L’hiver politique européen a été rude. Plusieurs piliers du Green Deal ont été fragilisés par une série de textes dits « omnibus » qui modifient en bloc des réglementations existantes. Présentées comme des mesures de « simplification », ces lois affaiblissent en réalité des garde-fous essentiels pour l’environnement, les droits humains et les travailleurs. Dernier exemple en date : le recul sur le devoir de vigilance des multinationales, adopté en décembre, qui limite la responsabilité des entreprises dans leurs chaînes de production.
Dans un Parlement européen marqué par le rapprochement entre la droite et l’extrême droite, Reporterre a réuni deux voix engagées dans la défense d’un modèle social et écologique européen : Marie Toussaint, eurodéputée écologiste et vice-présidente du groupe Greens/EFA, et Isabelle Schömann, secrétaire générale adjointe de la Confédération européenne des syndicats (ETUC).
Ensemble, elles analysent les ressorts de la déréglementation en cours, la bataille culturelle menée par l’extrême droite, et les voies possibles pour résister aux reculs actuels.
Reporterre — Comment qualifier le moment politique que traverse aujourd’hui l’Union européenne ?
Marie Toussaint — Nous sommes à un moment de bascule. L’Union européenne doit choisir : soit elle s’efface, soit elle s’affirme. Au regard de l’actualité des derniers mois, je crains que la présidente de la Commission européenne, Ursula von der Leyen, ait choisi le chemin de l’effacement.
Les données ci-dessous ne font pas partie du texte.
lemma Ex_top: "Ex X Op X = Wal X Op"
  using Ex_eq[OF top_in_lattice] wbox_empty by simp

lemma Ex_subset: "Ex X Op U \<subseteq> Wal X Op"
  by (auto simp: Ex_def)

lemma openin_Ex: "U \<in> Op \<Longrightarrow> openin (wal_top X Op) (Ex X Op U)"
  by (simp add: Ex_eq openin_wal_top_basic Diff_in_Cl)

lemma Covw_eq:
  "Covw X Op Cov = {\<V>. \<V> \<subseteq> Ex X Op ` Op \<and> (\<lambda>V. {x \<in> X. wmap X Op x \<in> V}) ` \<V> \<in> Cov}"
proof -
  have "Ex X Op ` Op \<subseteq> OpS X Op"
    unfolding OpS_def using openin_Ex pullback_wmap_Ex by auto
  then show ?thesis
    unfolding Covw_def CovS_def Opw_def by blast
qed

end

section \<open>Transporting a generalized topology along a lattice embedding\<close>

lemma gtsI:
  assumes "Op \<subseteq> Pow X" "Cov \<subseteq> Pow Op" "{} \<in> Op" "X \<in> Op"
    and "\<And>U V. U \<in> Op \<Longrightarrow> V \<in> Op \<Longrightarrow> U \<union> V \<in> Op"
    and "\<And>U V. U \<in> Op \<Longrightarrow> V \<in> Op \<Longrightarrow> U \<inter> V \<in> Op"
    and "\<And>\<U>. finite \<U> \<Longrightarrow> \<U> \<subseteq> Op \<Longrightarrow> \<U> \<in> Cov"
    and "\<And>\<U>. \<U> \<in> Cov \<Longrightarrow> \<Union>\<U> \<in> Op"
    and "\<And>\<U> V. \<U> \<in> Cov \<Longrightarrow> V \<in> Op \<Longrightarrow> V \<subseteq> \<Union>\<U> \<Longrightarrow> (\<lambda>U. V \<inter> U) ` \<U> \<in> Cov"
    and "\<And>\<U> \<V>. \<U> \<in> Cov \<Longrightarrow> (\<And>U. U \<in> \<U> \<Longrightarrow> \<V> U \<in> Cov \<and> \<Union>(\<V> U) = U)
      \<Longrightarrow> \<Union>(\<V> ` \<U>) \<in> Cov"
    and "\<And>\<U> \<V>. \<U> \<in> Cov \<Longrightarrow> \<V> \<subseteq> Op \<Longrightarrow> \<Union>\<V> = \<Union>\<U> \<Longrightarrow> (\<And>U. U \<in> \<U> \<Longrightarrow> \<exists>V\<in>\<V>. U \<subseteq> V)
      \<Longrightarrow> \<V> \<in> Cov"
    and "\<And>\<U> V. \<U> \<in> Cov \<Longrightarrow> V \<subseteq> \<Union>\<U> \<Longrightarrow> (\<And>U. U \<in> \<U> \<Longrightarrow> V \<inter> U \<in> Op) \<Longrightarrow> V \<in> Op"
  shows "gts X Op Cov"
  unfolding gts_def
proof (intro conjI)
  show "\<forall>U\<in>Op. \<forall>V\<in>Op. U \<union> V \<in> Op \<and> U \<inter> V \<in> Op"
    using assms(5,6) by blast
  show "\<forall>\<U>. finite \<U> \<and> \<U> \<subseteq> Op \<longrightarrow> \<U> \<in> Cov"
    using assms(7) by blast
  show "\<forall>\<U>\<in>Cov. \<Union>\<U> \<in> Op"
    using assms(8) by blast
  show "\<forall>\<U>\<in>Cov. \<forall>V\<in>Op. V \<subseteq> \<Union>\<U> \<longrightarrow> (\<lambda>U. V \<inter> U) ` \<U> \<in> Cov"
    using assms(9) by blast
  show "\<forall>\<U>\<in>Cov. \<forall>\<V>. (\<forall>U\<in>\<U>. \<V> U \<in> Cov \<and> \<Union>(\<V> U) = U) \<longrightarrow> \<Union>(\<V> ` \<U>) \<in> Cov"
    by (intro ballI allI impI, rule assms(10)) auto
  show "\<forall>\<U>\<in>Cov. \<forall>\<V>. \<V> \<subseteq> Op \<and> \<Union>\<V> = \<Union>\<U> \<and> (\<forall>U\<in>\<U>. \<exists>V\<in>\<V>. U \<subseteq> V) \<longrightarrow> \<V> \<in> Cov"
    by (intro ballI allI impI, elim conjE, rule assms(11)) auto
  show "\<forall>\<U>\<in>Cov. \<forall>V. V \<subseteq> \<Union>\<U> \<and> (\<forall>U\<in>\<U>. V \<inter> U \<in> Op) \<longrightarrow> V \<in> Op"
    by (intro ballI allI impI, elim conjE, rule assms(12)) auto
qed (fact assms)+

lemma gtsD:
  assumes "gts X Op Cov"
  shows "Op \<subseteq> Pow X" and "Cov \<subseteq> Pow Op" and "{} \<in> Op" and "X \<in> Op"
    and "\<forall>U\<in>Op. \<forall>V\<in>Op. U \<union> V \<in> Op \<and> U \<inter> V \<in> Op"
    and "\<forall>\<U>. finite \<U> \<and> \<U> \<subseteq> Op \<longrightarrow> \<U> \<in> Cov"
    and "\<forall>\<U>\<in>Cov. \<Union>\<U> \<in> Op"
    and "\<forall>\<U>\<in>Cov. \<forall>V\<in>Op. V \<subseteq> \<Union>\<U> \<longrightarrow> (\<lambda>U. V \<inter> U) ` \<U> \<in> Cov"
    and "\<forall>\<U>\<in>Cov. \<forall>\<V>. (\<forall>U\<in>\<U>. \<V> U \<in> Cov \<and> \<Union>(\<V> U) = U) \<longrightarrow> \<Union>(\<V> ` \<U>) \<in> Cov"
    and "\<forall>\<U>\<in>Cov. \<forall>\<V>. \<V> \<subseteq> Op \<and> \<Union>\<V> = \<Union>\<U> \<and> (\<forall>U\<in>\<U>. \<exists>V\<in>\<V>. U \<subseteq> V) \<longrightarrow> \<V> \<in> Cov"
    and "\<forall>\<U>\<in>Cov. \<forall>V. V \<subseteq> \<Union>\<U> \<and> (\<forall>U\<in>\<U>. V \<inter> U \<in> Op) \<longrightarrow> V \<in> Op"
  using assms unfolding gts_def by - (elim conjE, assumption)+

context
  fixes X :: "'a set" and Op :: "'a set set" and Cov :: "'a set set set"
  assumes gts: "gts X Op Cov"
begin

lemma gts_set_lattice: "set_lattice X Op"
  using gtsD(1,3,4,5)[OF gts] by unfold_locales blast+

lemma gts_cover_subset: "\<U> \<in> Cov \<Longrightarrow> \<U> \<subseteq> Op"
  using gtsD(2)[OF gts] by blast

lemma gts_finite_cover: "finite \<U> \<Longrightarrow> \<U> \<subseteq> Op \<Longrightarrow> \<U> \<in> Cov"
  using gtsD(6)[OF gts] by blast

lemma gts_Union_cover: "\<U> \<in> Cov \<Longrightarrow> \<Union>\<U> \<in> Op"
  using gtsD(7)[OF gts] by blast

lemma gts_cover_Int: "\<U> \<in> Cov \<Longrightarrow> V \<in> Op \<Longrightarrow> V \<subseteq> \<Union>\<U> \<Longrightarrow> (\<lambda>U. V \<inter> U) ` \<U> \<in> Cov"
  using gtsD(8)[OF gts] by blast

lemma gts_cover_refine:
  "\<U> \<in> Cov \<Longrightarrow> (\<And>U. U \<in> \<U> \<Longrightarrow> \<V> U \<in> Cov \<and> \<Union>(\<V> U) = U) \<Longrightarrow> \<Union>(\<V> ` \<U>) \<in> Cov"
  by (rule gtsD(9)[OF gts, THEN bspec, THEN spec, THEN mp]) auto

lemma gts_cover_coarsen:
  "\<U> \<in> Cov \<Longrightarrow> \<V> \<subseteq> Op \<Longrightarrow> \<Union>\<V> = \<Union>\<U> \<Longrightarrow> (\<And>U. U \<in> \<U> \<Longrightarrow> \<exists>V\<in>\<V>. U \<subseteq> V) \<Longrightarrow> \<V> \<in> Cov"
  by (rule gtsD(10)[OF gts, THEN bspec, THEN spec, THEN mp]) auto

lemma gts_open_if_locally_open:
  "\<U> \<in> Cov \<Longrightarrow> V \<subseteq> \<Union>\<U> \<Longrightarrow> (\<And>U. U \<in> \<U> \<Longrightarrow> V \<inter> U \<in> Op) \<Longrightarrow> V \<in> Op"
  by (rule gtsD(11)[OF gts, THEN bspec, THEN spec, THEN mp]) auto

end

locale gts_embedding =
  fixes X :: "'a set" and Op :: "'a set set" and Cov :: "'a set set set"
    and W :: "'b set" and w :: "'a \<Rightarrow> 'b" and E :: "'a set \<Rightarrow> 'b set"
  assumes gts: "gts X Op Cov"
    and pullback_E: "U \<in> Op \<Longrightarrow> {x \<in> X. w x \<in> E U} = U"
    and E_subset: "U \<in> Op \<Longrightarrow> E U \<subseteq> W"
    and E_top: "E X = W"
    and E_Int: "U \<in> Op \<Longrightarrow> V \<in> Op \<Longrightarrow> E (U \<inter> V) = E U \<inter> E V"
begin

abbreviation pullback :: "'b set \<Rightarrow> 'a set" where
  "pullback V \<equiv> {x \<in> X. w x \<in> V}"

definition image_Cov :: "'b set set set" where
  "image_Cov = {\<V>. \<V> \<subseteq> E ` Op \<and> pullback ` \<V> \<in> Cov}"

lemma E_pullback: "V \<in> E ` Op \<Longrightarrow> pullback V \<in> Op \<and> E (pullback V) = V"
  using pullback_E by auto

lemma pullback_Union: "pullback (\<Union>\<V>) = \<Union>(pullback ` \<V>)"
  by auto

lemma pullback_image_E: "\<U> \<subseteq> Op \<Longrightarrow> pullback ` E ` \<U> = \<U>"
proof -
  assume "\<U> \<subseteq> Op"
  then have "pullback (E U) = U" if "U \<in> \<U>" for U
    using that pullback_E by blast
  then show ?thesis
    by (simp add: image_image)
qed

lemma pullback_Union_E: "\<U> \<subseteq> Op \<Longrightarrow> pullback (\<Union>(E ` \<U>)) = \<Union>\<U>"
  using pullback_image_E by blast

lemma E_mono:
  assumes "U \<in> Op" "V \<in> Op" "U \<subseteq> V"
  shows "E U \<subseteq> E V"
proof -
  have "E U = E (U \<inter> V)"
    using assms(3) by (simp add: Int_absorb2)
  also have "\<dots> = E U \<inter> E V"
    using assms(1,2) by (rule E_Int)
  finally show ?thesis
    by blast
qed

lemma E_subset_iff: "U \<in> Op \<Longrightarrow> V \<in> Op \<Longrightarrow> E U \<subseteq> E V \<longleftrightarrow> U \<subseteq> V"
proof
  assume "U \<in> Op" "V \<in> Op" "E U \<subseteq> E V"
  then have "pullback (E U) \<subseteq> pullback (E V)"
    by blast
  then show "U \<subseteq> V"
    using pullback_E \<open>U \<in> Op\<close> \<open>V \<in> Op\<close> by simp
qed (rule E_mono)

lemma pullback_Int_E:
  assumes "V' \<inter> E U \<in> E ` Op" "U \<in> Op"
  shows "pullback V' \<inter> U \<in> Op \<and> V' \<inter> E U = E (pullback V' \<inter> U)"
proof -
  have "pullback (V' \<inter> E U) \<in> Op \<and> E (pullback (V' \<inter> E U)) = V' \<inter> E U"
    using assms(1) by (rule E_pullback)
  moreover have "pullback (V' \<inter> E U) = pullback V' \<inter> U"
    using pullback_E[OF assms(2)] by auto
  ultimately show ?thesis
    by auto
qed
Des mots comme « simplification » ou « compétitivité » servent de paravent à une politique très claire, portée par une alliance — explicite ou tacite — entre la droite et l’extrême droite : une déréglementation massive, dont tout le monde sortira perdant, du climat à la santé, des droits sociaux aux conditions de travail. Tout le monde ou presque, puisque les paquets omnibus sont une…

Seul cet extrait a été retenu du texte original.